Being a journalist can make you get to go to places you've never been before – and if you go with an open mind you can learn a lot. Povich said she learned that lesson from her own experience of a 22-year-old Northern girl who faced culture shock when she began her professional journalism career in the Deep South state of Mississippi.

Povich said that an insatiable sense of curiosity is one of the most essential traits for journalists. Many practical skills, like putting sentences together, can be taught, she said, but curiosity cannot be taught. And if journalists are not curious about the world, they can never be good journalists, she added. A good journalist must learn about things that they didn't know existed beforehand.

"You can't teach curiosity," Povich told the students.

In addition to curiosity, people skills are important for reporters. Another vital trait is the ability to work under pressure because journalists sometimes need to "do the impossible" to meet deadlines, she noted.

The journalism industry is undergoing major changes, Povich said, and many traditional news outlets are reducing staff size.
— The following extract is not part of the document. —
(* Let $d$ be a weak simulation quasimetric on networks of pTCWS. Then the relation $\mathcal R=\{(M,N) : d(M,N)=0\}$ is a weak probabilistic simulation, i.e. whenever $M\,\mathcal R\,N$ and $M\xrightarrow{\alpha}\Delta$, there exist a weak transition $N\overset{\hat\alpha}{\Longrightarrow}\Theta$ and a matching $\omega\in\Omega(\Delta,\Theta)$ such that $\omega(M',N')>0$ implies $M'\,\mathcal R\,N'$.
   Context: The process calculus pTCWS. Processes $P,Q$ and probabilistic choices $C,D$ are $P ::= \mathsf{nil} \mid {!}\langle u\rangle.C \mid \lfloor ?(x).C\rfloor D \mid \tau.C \mid \sigma.C \mid X \mid \mathsf{fix}\,X.P$ and $C ::= \bigoplus_{i\in I} p_i{:}P_i$ ($I$ finite non-empty, $p_i\in(0,1]$, $\sum_i p_i=1$); in $\mathsf{fix}\,X.P$ every occurrence of $X$ is time-guarded (under a $\sigma$-prefix or in a timeout branch $D$). $1{:}P$ is written $P$; $P\oplus_pQ$ is $p{:}P\oplus(1-p){:}Q$; ${!}\langle v\rangle$ is ${!}\langle v\rangle.\mathsf{nil}$. Networks: $M::=\mathbf 0\mid M_1\mid M_2\mid n[P]^\nu\mid\bot$, where $n[P]^\nu$ is a node named $n$ running closed process $P$ with neighbour set $\nu$, and $\bot$ is a stuck network; $\mathrm{nds}(M)$ is the set of node names. Structural congruence $\equiv$: least equivalence preserved by $\mid$, making $\mid$ a commutative monoid with unit $\mathbf 0$, with $n[\mathsf{fix}\,X.P]^\nu\equiv n[P\{\mathsf{fix}\,X.P/X\}]^\nu$. Networks are assumed well-formed (no node is its own neighbour, distinct names, symmetric neighbourhood, connected neighbour graph). $\mathrm{rcv}(P)$ holds iff $n[P]^\nu\equiv n[\lfloor ?(x).C\rfloor D]^\nu$ for some $x,C,D$. Semantics: $\mathcal D(\mathcal N)$ is the set of finite-support probability distributions on networks, $|\Delta|$ the total mass of a sub-distribution, $\overline M$ the Dirac distribution; $[\![n[\bigoplus_i p_i{:}P_i]^\nu]\!]=\sum_ip_i\overline{n[P_i]^\nu}$; $(\Delta\mid\Theta)(M_1\mid M_2)=\Delta(M_1)\Theta(M_2)$. Transitions $M\xrightarrow{\lambda}\Delta$, $\lambda\in\{m!v\triangleright\nu, m?v,\tau,\sigma\}$, form the least relation closed under: (Snd) $m[{!}\langle v\rangle.C]^\nu\xrightarrow{m!v\triangleright\nu}[\![m[C]^\nu]\!]$; (Rcv) if $m\in\nu$: $n[\lfloor ?(x).C\rfloor D]^\nu\xrightarrow{m?v}[\![n[C\{v/x\}]^\nu]\!]$; $\mathbf 0\xrightarrow{m?v}\overline{\mathbf 0}$; (RcvEnb) if $\neg(m\in\nu\wedge\mathrm{rcv}(P))$ and $m\ne n$: $n[P]^\nu\xrightarrow{m?v}\overline{n[P]^\nu}$; (RcvPar) $M\xrightarrow{m?v}\Delta$, $N\xrightarrow{m?v}\Theta$ give $M\mid N\xrightarrow{m?v}\Delta\mid\Theta$; (Bcast) $M\xrightarrow{m!v\triangleright\nu}\Delta$, $N\xrightarrow{m?v}\Theta$ give $M\mid N\xrightarrow{m!v\triangleright(\nu\setminus\mathrm{nds}(N))}\Delta\mid\Theta$ (and symmetrically); (Tau) $m[\tau.C]^\nu\xrightarrow{\tau}[\![m[C]^\nu]\!]$; (TauPar) $M\xrightarrow{\tau}\Delta$ and $N$ not of the form $\bot\mid N'$ give $M\mid N\xrightarrow{\tau}\Delta\mid\overline N$ (and symmetrically); $\mathbf 0\xrightarrow{\sigma}\overline{\mathbf 0}$; $n[\mathsf{nil}]^\nu\xrightarrow{\sigma}\overline{n[\mathsf{nil}]^\nu}$; (Timeout) $n[\lfloor ?(x).C\rfloor D]^\nu\xrightarrow{\sigma}[\![n[D]^\nu]\!]$; (Sleep) $n[\sigma.C]^\nu\xrightarrow{\sigma}[\![n[C]^\nu]\!]$; ($\sigma$-Par) $M\xrightarrow{\sigma}\Delta$, $N\xrightarrow{\sigma}\Theta$ give $M\mid N\xrightarrow{\sigma}\Delta\mid\Theta$; (Rec) $n[P\{\mathsf{fix}\,X.P/X\}]^\nu\xrightarrow{\lambda}\Delta$ gives $n[\mathsf{fix}\,X.P]^\nu\xrightarrow{\lambda}\Delta$; (ShhSnd) $M\xrightarrow{m!v\triangleright\emptyset}\Delta$ gives $M\xrightarrow{\tau}\Delta$; (ObsSnd) $M\xrightarrow{m!v\triangleright\nu}\Delta$ with $\nu\ne\emptyset$ gives $M\xrightarrow{!v\triangleright\nu}\Delta$. $\bot$ has no transitions. $\alpha$ ranges over $!v\triangleright\nu$, $m?v$, $\sigma$, $\tau$. Weak transitions: $M\xrightarrow{\hat\tau}\Delta$ iff $M\xrightarrow{\tau}\Delta$ or $\Delta=\overline M$; for $\alpha\ne\tau$, $\xrightarrow{\hat\alpha}=\xrightarrow{\alpha}$. For $\Delta=\sum_{i\in I}p_i\overline{M_i}$, $\Delta\xrightarrow{\hat\alpha}\Theta$ iff for some non-empty $J\subseteq I$, $M_j\xrightarrow{\hat\alpha}\Theta_j$ ($j\in J$), $M_i$ has no $\hat\alpha$-transition ($i\notin J$), and $\Theta=\sum_{j\in J}p_j\Theta_j$. $\overset{\hat\tau}{\Longrightarrow}$ is the reflexive-transitive closure of $\xrightarrow{\hat\tau}$, and $\overset{\hat\alpha}{\Longrightarrow}=\overset{\hat\tau}{\Longrightarrow}\xrightarrow{\hat\alpha}\overset{\hat\tau}{\Longrightarrow}$ for $\alpha\neq\tau$. A pseudoquasimetric is $d:\mathcal N\times\mathcal N\to[0,1]$ with $d(M,M)=0$ and $d(M,N)\le d(M,O)+d(O,N)$. A matching $\omega\in\Omega(\Delta,\Theta)$ is a distribution on $\mathcal N\times\mathcal N$ with left marginal $\Delta$ and right marginal $\Theta$; $\mathcal K(d)(\Delta,\Theta)=\min_{\omega\in\Omega(\Delta,\Theta)}\sum_{M,N}\omega(M,N)d(M,N)$. A weak simulation quasimetric is a pseudoquasimetric $d$ such that for all $M,N$ with $d(M,N)<1$, whenever $M\xrightarrow{\alpha}\Delta$ there is $\Theta$ with $N\overset{\hat\alpha}{\Longrightarrow}\Theta$ and $\mathcal K(d)(\Delta,\Theta+(1-|\Theta|)\overline\bot)\le d(M,N)$. *)

theory Defs
  imports Complex_Main
begin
One growth area, however, is business reporting. Povich encouraged aspiring journalists to take advantage of available job opportunities. But she told them not to be intimidated by all the numbers they encounter in their economic reporting.

“Numbers are just numbers,” she said.

Povich shared the best advice she ever received about reporting on budgets: Budgets are not about math but about politics. Money tells the story and that's what business reporters have to remember where entities decide to put their money is extremely telling about what they think is important.

Professor Rick Dunham, the host of the lecture, shared eight newsroom problems faced by young journalists, including demanding schedules and low pay. Povich agreed that “he is absolutely right about not doing it for the money.”

The lecture also included tips on reporting, interviewing, structuring stories, and how to put together news stories from idea to publication.